Have a look at http://www.freebsd.org/doc/en/books/handbook/book.html#INSTALL-TROUBLE namely section 2.11.3 Troubleshooting Questions and Answers.

If you still can't install I'd suggest filling a PR.


----------



## Nikosis (May 13, 2009)

This is the problem here, there is no output from FreeBSD 7.2
Right after dvd starts it shows 


> CD Loader 1.2
> Building the boot loader arguments



then computer restarts.


----------



## tangram (May 13, 2009)

Alternatively you try to install from USB. I remember seeing a couple post on the matter in this forum and an HowTo somewhere in www.


----------



## Nikosis (May 14, 2009)

I tried 6.4 version, without success either, same thing happened.
I remember that I was able to install it from previous version before. So I try 6.3 and USB option, will see, let you know how it went.

Thanks for your help.


----------



## tangram (May 14, 2009)

No problem Nikosis. Just wished I could help you more :\.


----------



## Nikosis (May 14, 2009)

OK I found the problem, and I'm sure it is a bug.
The problem appears when I enable SATA378 Promise Technology with IDE mode. When I turn it of, it seams fine. But the question is, if I install the system with SATA378 disabled, will I be able to enable it successfully without crashing the system.


----------



## tangram (May 14, 2009)

Good news  Please file a PR for the issue so that the bug can be crushed.

Try to install with SATA378 disabled and enable it after install (though it's likely that drive numbering will change as soon as you enable it).


----------



## Nikosis (May 15, 2009)

Ok it works, but now I have a problem with xorg, I installed nvidia drivers, but there is no /etc/x11/xorg.conf, and Xorg -configure gives me error "No devices to configure. Configure failed.


----------



## tangram (May 15, 2009)

Did you follow the steps on http://www.freebsd.org/doc/en/books/handbook/x-config.html?
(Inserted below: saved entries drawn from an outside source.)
(* The total domination polynomials of the following graphs are unimodal: the helm graph $H_n$ ($n\ge 3$); the generalized helm graph $H_{n,m}$ ($n\ge 3$, $m\ge 1$); the graph $H(3)$ for every graph $H$; and every sunlike graph $G(v_1^{k_1},\dots,v_n^{k_n})$ with $k_1,\dots,k_n\ge 1$.
   Context: The wheel $W_n$ ($n\ge3$) is the cycle $C_n$ together with one extra vertex (hub) adjacent to all cycle vertices. The helm $H_n$ is obtained from $W_n$ by attaching one pendant edge at each vertex of the $n$-cycle; the generalized helm $H_{n,m}$ is obtained from $W_n$ by attaching $m$ pendant edges at each vertex of the $n$-cycle. For a graph $H$, $H(3)$ is obtained by identifying each vertex of $H$ with an end vertex of its own copy of the path $P_3$. For a graph $G$ with vertices $v_1,\dots,v_n$ and positive integers $k_i$, the sunlike graph $G(v_1^{k_1},\dots,v_n^{k_n})$ is obtained by attaching $k_i$ new pendant vertices to $v_i$ for each $i$. For a finite simple graph $G=(V,E)$, a set $D\subseteq V$ is a total dominating set if every vertex of $V$ is adjacent to some vertex of $D$; $d_t(G,i)$ is the number of total dominating sets of size $i$, and $D_t(G,x)=\sum_{i} d_t(G,i)x^i$. A polynomial $\sum a_ix^i$ is unimodal if $a_0\le\dots\le a_k\ge a_{k+1}\ge\dots\ge a_N$ for some $k$. *)

theory Defs
  imports "HOL-Computational_Algebra.Polynomial"
begin

definition simple_graph :: "'a set \<Rightarrow> ('a \<Rightarrow> 'a \<Rightarrow> bool) \<Rightarrow> bool" where
  "simple_graph V adj \<longleftrightarrow> finite V \<and>
     (\<forall>u v. adj u v \<longrightarrow> u \<in> V \<and> v \<in> V \<and> u \<noteq> v \<and> adj v u)"

definition total_dominating :: "'a set \<Rightarrow> ('a \<Rightarrow> 'a \<Rightarrow> bool) \<Rightarrow> 'a set \<Rightarrow> bool" where
  "total_dominating V adj D \<longleftrightarrow> D \<subseteq> V \<and> (\<forall>v\<in>V. \<exists>u\<in>D. adj v u)"

definition d_t :: "'a set \<Rightarrow> ('a \<Rightarrow> 'a \<Rightarrow> bool) \<Rightarrow> nat \<Rightarrow> nat" where
  "d_t V adj i = card {D. total_dominating V adj D \<and> card D = i}"

definition total_dom_poly :: "'a set \<Rightarrow> ('a \<Rightarrow> 'a \<Rightarrow> bool) \<Rightarrow> nat poly" where
  "total_dom_poly V adj = (\<Sum>i\<le>card V. monom (d_t V adj i) i)"

definition unimodal :: "'b::{zero,linorder} poly \<Rightarrow> bool" where
  "unimodal p \<longleftrightarrow> (\<exists>k\<le>degree p.
      (\<forall>i<k. coeff p i \<le> coeff p (Suc i)) \<and>
      (\<forall>i. k \<le> i \<and> i < degree p \<longrightarrow> coeff p (Suc i) \<le> coeff p i))"

datatype helm_vertex = Hub | Rim nat | Pend nat nat

text \<open>Rim i (i < n) are the cycle vertices, Pend i j (j < m) the pendant
vertices attached at Rim i.\<close>

definition gen_helm_V :: "nat \<Rightarrow> nat \<Rightarrow> helm_vertex set" where
  "gen_helm_V n m = {Hub} \<union> Rim ` {..<n} \<union> {Pend i j | i j. i < n \<and> j < m}"

fun gen_helm_adj :: "nat \<Rightarrow> nat \<Rightarrow> helm_vertex \<Rightarrow> helm_vertex \<Rightarrow> bool" where
  "gen_helm_adj n m Hub (Rim i) = (i < n)"
| "gen_helm_adj n m (Rim i) Hub = (i < n)"
| "gen_helm_adj n m (Rim i) (Rim j) = (i < n \<and> j < n \<and> (j = Suc i mod n \<or> i = Suc j mod n))"
| "gen_helm_adj n m (Rim i) (Pend i' j) = (i = i' \<and> i < n \<and> j < m)"
| "gen_helm_adj n m (Pend i' j) (Rim i) = (i = i' \<and> i < n \<and> j < m)"
| "gen_helm_adj n m _ _ = False"

definition helm_V :: "nat \<Rightarrow> helm_vertex set" where
  "helm_V n = {Hub} \<union> Rim ` {..<n} \<union> {Pend i 0 | i. i < n}"

fun helm_adj :: "nat \<Rightarrow> helm_vertex \<Rightarrow> helm_vertex \<Rightarrow> bool" where
  "helm_adj n Hub (Rim i) = (i < n)"
| "helm_adj n (Rim i) Hub = (i < n)"
| "helm_adj n (Rim i) (Rim j) = (i < n \<and> j < n \<and> (j = Suc i mod n \<or> i = Suc j mod n))"
| "helm_adj n (Rim i) (Pend i' j) = (i = i' \<and> i < n \<and> j = 0)"
| "helm_adj n (Pend i' j) (Rim i) = (i = i' \<and> i < n \<and> j = 0)"
| "helm_adj n _ _ = False"

text \<open>Vertex (v,0) is v itself; (v,1),(v,2) are the other two path vertices,
with path v - (v,1) - (v,2).\<close>

definition P3_V :: "'a set \<Rightarrow> ('a \<times> nat) set" where
  "P3_V V = V \<times> {0, 1, 2}"

definition P3_adj :: "'a set \<Rightarrow> ('a \<Rightarrow> 'a \<Rightarrow> bool) \<Rightarrow> 'a \<times> nat \<Rightarrow> 'a \<times> nat \<Rightarrow> bool" where
  "P3_adj V adj x y \<longleftrightarrow>
     (snd x = 0 \<and> snd y = 0 \<and> adj (fst x) (fst y)) \<or>
     (fst x = fst y \<and> fst x \<in> V \<and>
        ((snd x = 0 \<and> snd y = 1) \<or> (snd x = 1 \<and> snd y = 0) \<or>
         (snd x = 1 \<and> snd y = 2) \<or> (snd x = 2 \<and> snd y = 1)))"

text \<open>Inl v is the original vertex v; Inr (v,j), j < k v, are the pendants at v.\<close>

definition sunlike_V :: "'a set \<Rightarrow> ('a \<Rightarrow> nat) \<Rightarrow> ('a + 'a \<times> nat) set" where
  "sunlike_V V k = Inl ` V \<union> Inr ` {(v, j) | v j. v \<in> V \<and> j < k v}"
After `# Xorg -configure` you must test the config by running `# Xorg -config xorg.conf.new`.

Also check exactly which version of xorg you've got installed because as of 7.4 loads of stuff changed.

Additional ports of interest when configuring X with NVIDIA:
x11/nvidia-settings and x11/nvidia-xconfig.


----------



## Nikosis (May 15, 2009)

Yes I did, but I think I missed something because kde is so damn slow, impossible to work with.


----------



## Nikosis (May 15, 2009)

I think that the problem I had with installation is solved, so not to keep two threads open I will post my xorg.conf into my another thread that I started regarding xorg
Thanks again for help


----------